**WHAT YOU NEED TO DO:** Spot each line in the records below where the word "using" occurs, then copy it.

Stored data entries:
┌──

(* Let $(G,u)$ be a unital po-group satisfying RIP such that the pseudo effect algebra $E=\Gamma(G,u)$ satisfies RDP (respectively RDP$_1$). Let $m,n\ge1$ and suppose $a_1+\cdots+a_m=b_1+\cdots+b_n$ in $G$, where $a_1,\ldots,a_{m-1},b_1,\ldots,b_{n-1}\in E$ and $a_m,b_n\in G^+$. Then for $\{a_i\}$ and $\{b_j\}$ the $(m,n)$-RDP (respectively the $(m,n)$-RDP$_1$) holds in $G$, i.e. there are $c_{ij}\in G^+$ ($1\le i\le m$, $1\le j\le n$) with $a_i=\sum_{j=1}^n c_{ij}$ and $b_j=\sum_{i=1}^m c_{ij}$ for all $i,j$ (and, in the RDP$_1$ case, additionally $c_{i+1,j}+\cdots+c_{mj}\ \mathbf{com}\ c_{i,j+1}+\cdots+c_{in}$ for all $1\le i<m$, $1\le j<n$).
   Context: A po-group is a (not necessarily Abelian, additively written) group with a partial order $\le$ such that $a\le b$ implies $x+a+y\le x+b+y$; $G^+$ is its positive cone. A unital po-group $(G,u)$ is a po-group with a strong unit $u\in G^+$ (for each $g\in G$ there is $k\ge1$ with $g\le ku$). $\Gamma(G,u)=\{g\in G:0\le g\le u\}$ is a pseudo effect algebra with constants $0,u$ and partial addition: $a+b$ is defined (equal to the group sum) iff $a+b\le u$. RIP: whenever $a_i\le b_j$ for all $i,j\in\{1,2\}$, there is $c$ with $a_i\le c\le b_j$ for all $i,j$. For $a,b\in G^+$, $a\ \mathbf{com}\ b$ means $x+y=y+x$ for all $0\le x\le a$, $0\le y\le b$. RDP for a pseudo effect algebra $E$: whenever $a_1+a_2=b_1+b_2$ in $E$, there are $c_{11},c_{12},c_{21},c_{22}\in E$ with $a_1=c_{11}+c_{12}$, $a_2=c_{21}+c_{22}$, $b_1=c_{11}+c_{21}$, $b_2=c_{12}+c_{22}$ (all sums defined); RDP$_1$ additionally requires that $x\le c_{12}$, $y\le c_{21}$ in $E$ imply $x+y=y+x$. *)

theory Defs
  imports Main
begin

definition po_group :: "'a::{group_add,order} itself \<Rightarrow> bool" where
  "po_group _ \<longleftrightarrow> (\<forall>a b x y :: 'a. a \<le> b \<longrightarrow> x + a + y \<le> x + b + y)"

definition nsum :: "nat \<Rightarrow> 'a::monoid_add \<Rightarrow> 'a" where
  "nsum k u = sum_list (replicate k u)"

definition strong_unit :: "'a::{group_add,order} \<Rightarrow> bool" where
  "strong_unit u \<longleftrightarrow> 0 \<le> u \<and> (\<forall>g. \<exists>k\<ge>1. g \<le> nsum k u)"

definition Gamma :: "'a::{group_add,order} \<Rightarrow> 'a set" where
  "Gamma u = {g. 0 \<le> g \<and> g \<le> u}"

definition RIP :: "'a::{group_add,order} itself \<Rightarrow> bool" where
  "RIP _ \<longleftrightarrow> (\<forall>a1 a2 b1 b2 :: 'a.
      a1 \<le> b1 \<and> a1 \<le> b2 \<and> a2 \<le> b1 \<and> a2 \<le> b2 \<longrightarrow>
      (\<exists>c. a1 \<le> c \<and> a2 \<le> c \<and> c \<le> b1 \<and> c \<le> b2))"

definition com :: "'a::{group_add,order} \<Rightarrow> 'a \<Rightarrow> bool" where
  "com a b \<longleftrightarrow> (\<forall>x y. 0 \<le> x \<and> x \<le> a \<and> 0 \<le> y \<and> y \<le> b \<longrightarrow> x + y = y + x)"

text \<open>Partial addition of Gamma(G,u): a+b defined iff a+b \<le> u.\<close>
definition defd :: "'a::{group_add,order} \<Rightarrow> 'a \<Rightarrow> 'a \<Rightarrow> bool" where
  "defd u a b \<longleftrightarrow> a \<in> Gamma u \<and> b \<in> Gamma u \<and> a + b \<le> u"

definition RDP_Gamma :: "'a::{group_add,order} \<Rightarrow> bool" where
  "RDP_Gamma u \<longleftrightarrow> (\<forall>a1 a2 b1 b2.
     defd u a1 a2 \<and> defd u b1 b2 \<and> a1 + a2 = b1 + b2 \<longrightarrow>
     (\<exists>c11 c12 c21 c22.
        defd u c11 c12 \<and> defd u c21 c22 \<and> defd u c11 c21 \<and> defd u c12 c22 \<and>
        a1 = c11 + c12 \<and> a2 = c21 + c22 \<and> b1 = c11 + c21 \<and> b2 = c12 + c22))"

definition RDP1_Gamma :: "'a::{group_add,order} \<Rightarrow> bool" where
  "RDP1_Gamma u \<longleftrightarrow> (\<forall>a1 a2 b1 b2.
     defd u a1 a2 \<and> defd u b1 b2 \<and> a1 + a2 = b1 + b2 \<longrightarrow>
     (\<exists>c11 c12 c21 c22.
        defd u c11 c12 \<and> defd u c21 c22 \<and> defd u c11 c21 \<and> defd u c12 c22 \<and>
        a1 = c11 + c12 \<and> a2 = c21 + c22 \<and> b1 = c11 + c21 \<and> b2 = c12 + c22 \<and>
        (\<forall>x\<in>Gamma u. \<forall>y\<in>Gamma u. x \<le> c12 \<and> y \<le> c21 \<longrightarrow> x + y = y + x)))"

end

(*
  An (m,n) equation is refined one row at a time: writing it as
  a_1 + (a_2 + ... + a_m) = b_1 + ... + b_n gives a (2,n) problem, and the second row of
  its solution is the right-hand side of an (m-1,n) problem for a_2, ..., a_m.  The (2,n)
  case is the transpose of an (n,2) case, which the same row recursion obtains from the
  (2,2) case.  For (2,2), with a_1, b_1 in Gamma(G,u) and a_2, b_2 positive, RIP gives p with
  0 <= p <= a_2, b_2 and a_1 + a_2 - p <= u, so a_1 + (a_2 - p) = b_1 + (b_2 - p) is an
  equation in the pseudo effect algebra; decompose it there and add p back to the corner.
  The extra RDP_1 condition survives every step, because each tail sum of the assembled
  matrix is an off-diagonal entry of one of the 2x2 decompositions.
*)

theory Submission
  imports Defs
begin

lemma po_group_add_left_mono:
  fixes a b x :: "'a::{group_add,order}"
  assumes "po_group TYPE('a)" and "a \<le> b"
  shows "x + a \<le> x + b"
  using assms unfolding po_group_def by (metis add_0_right)

lemma po_group_add_right_mono:
  fixes a b y :: "'a::{group_add,order}"
  assumes "po_group TYPE('a)" and "a \<le> b"
  shows "a + y \<le> b + y"
  using assms unfolding po_group_def by (metis add_0_left)

lemma po_group_add_nonneg:
  fixes x y :: "'a::{group_add,order}"
  assumes po: "po_group TYPE('a)" and "0 \<le> x" and "0 \<le> y"
  shows "0 \<le> x + y"
  using po_group_add_left_mono[OF po \<open>0 \<le> y\<close>, of x] \<open>0 \<le> x\<close> by simp

lemma po_group_add_increasing:
  fixes x y :: "'a::{group_add,order}"
  assumes "po_group TYPE('a)" and "0 \<le> x"
  shows "y \<le> x + y"
  using po_group_add_right_mono[OF assms, of y] by simp

lemma po_group_sum_list_nonneg:
  fixes xs :: "'a::{group_add,order} list"
  assumes "po_group TYPE('a)" and "\<forall>x\<in>set xs. 0 \<le> x"
  shows "0 \<le> sum_list xs"
  using assms(2) by (induction xs) (auto intro: po_group_add_nonneg[OF assms(1)])

lemma sum_list_map_upt_Suc:
  "sum_list (map g [Suc i..<Suc k]) = sum_list (map (\<lambda>x. g (Suc x)) [i..<k])"
  by (simp add: map_Suc_upt[symmetric] comp_def del: upt_Suc)

lemma sum_list_map_upt_0_Suc:
  "sum_list (map g [0..<Suc k]) = g 0 + sum_list (map (\<lambda>x. g (Suc x)) [0..<k])"
  by (simp add: upt_conv_Cons sum_list_map_upt_Suc del: upt_Suc)

definition Gamma_but_last :: "'a::{group_add,order} \<Rightarrow> nat \<Rightarrow> (nat \<Rightarrow> 'a) \<Rightarrow> bool" where
  "Gamma_but_last u m a \<longleftrightarrow> (\<forall>i<m - 1. a i \<in> Gamma u) \<and> 0 \<le> a (m - 1)"

lemma Gamma_but_last_nonneg:
  assumes "Gamma_but_last u m a" and "i < m"
  shows "0 \<le> a i"
  using assms unfolding Gamma_but_last_def Gamma_def
  by (cases "i < m - 1") (auto simp: not_less dest: le_antisym)

definition refinement_matrix ::
    "nat \<Rightarrow> nat \<Rightarrow> (nat \<Rightarrow> 'a::{group_add,order}) \<Rightarrow> (nat \<Rightarrow> 'a) \<Rightarrow> (nat \<Rightarrow> nat \<Rightarrow> 'a) \<Rightarrow> bool" where
  "refinement_matrix m n a b c \<longleftrightarrow>
     (\<forall>i<m. \<forall>j<n. 0 \<le> c i j) \<and>
     (\<forall>i<m. a i = sum_list (map (c i) [0..<n])) \<and>
     (\<forall>j<n. b j = sum_list (map (\<lambda>i. c i j) [0..<m]))"

definition tails_satisfy :: "('a::monoid_add \<Rightarrow> 'a \<Rightarrow> bool) \<Rightarrow> nat \<Rightarrow> nat \<Rightarrow> (nat \<Rightarrow> nat \<Rightarrow> 'a) \<Rightarrow> bool" where
  "tails_satisfy P m n c \<longleftrightarrow>
     (\<forall>i<m - 1. \<forall>j<n - 1.
        P (sum_list (map (\<lambda>k. c k j) [Suc i..<m])) (sum_list (map (c i) [Suc j..<n])))"

definition refinable :: "'a::{group_add,order} \<Rightarrow> ('a \<Rightarrow> 'a \<Rightarrow> bool) \<Rightarrow> nat \<Rightarrow> nat \<Rightarrow> bool" where
  "refinable u P m n \<longleftrightarrow>
     (\<forall>a b. Gamma_but_last u m a \<longrightarrow> Gamma_but_last u n b \<longrightarrow>
        sum_list (map a [0..<m]) = sum_list (map b [0..<n]) \<longrightarrow>
        (\<exists>c. refinement_matrix m n a b c \<and> tails_satisfy P m n c))"

lemma refinement_matrix_transpose:
  "refinement_matrix n m b a (\<lambda>i j. c j i) \<longleftrightarrow> refinement_matrix m n a b c"
  unfolding refinement_matrix_def by auto

lemma tails_satisfy_transpose:
  "tails_satisfy (\<lambda>x y. P y x) n m (\<lambda>i j. c j i) \<longleftrightarrow> tails_satisfy P m n c"
  unfolding tails_satisfy_def by auto

lemma refinable_transpose:
  assumes "refinable u P m n"
  shows "refinable u (\<lambda>x y. P y x) n m"
  unfolding refinable_def
proof (intro allI impI)
  fix a b assume "Gamma_but_last u n a" "Gamma_but_last u m b"
    and "sum_list (map a [0..<n]) = sum_list (map b [0..<m])"
  then obtain c where "refinement_matrix m n b a c" "tails_satisfy P m n c"
    using assms unfolding refinable_def by metis
  then show "\<exists>c. refinement_matrix n m a b c \<and> tails_satisfy (\<lambda>x y. P y x) n m c"
    by (metis refinement_matrix_transpose tails_satisfy_transpose)
qed

lemma refinable_1_left: "refinable u P 1 n"
  unfolding refinable_def
proof (intro allI impI)
  fix a b assume "Gamma_but_last u n b" and "sum_list (map a [0..<1]) = sum_list (map b [0..<n])"
  then have "refinement_matrix 1 n a b (\<lambda>_. b)"
    unfolding refinement_matrix_def by (auto intro: Gamma_but_last_nonneg)
  moreover have "tails_satisfy P 1 n (\<lambda>_. b)"
    unfolding tails_satisfy_def by simp
  ultimately show "\<exists>c. refinement_matrix 1 n a b c \<and> tails_satisfy P 1 n c" by blast
qed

└──

**FINISHED EXERCISE:**
  using assms unfolding po_group_def by (metis add_0_right)
  using assms unfolding po_group_def by (metis add_0_left)
  using po_group_add_left_mono[OF po \<open>0 \<le> y\<close>, of x] \<open>0 \<le> x\<close> by simp
  using po_group_add_right_mono[OF assms, of y] by simp
  using assms(2) by (induction xs) (auto intro: po_group_add_nonneg[OF assms(1)])
  using assms unfolding Gamma_but_last_def Gamma_def
    using assms unfolding refinable_def by metis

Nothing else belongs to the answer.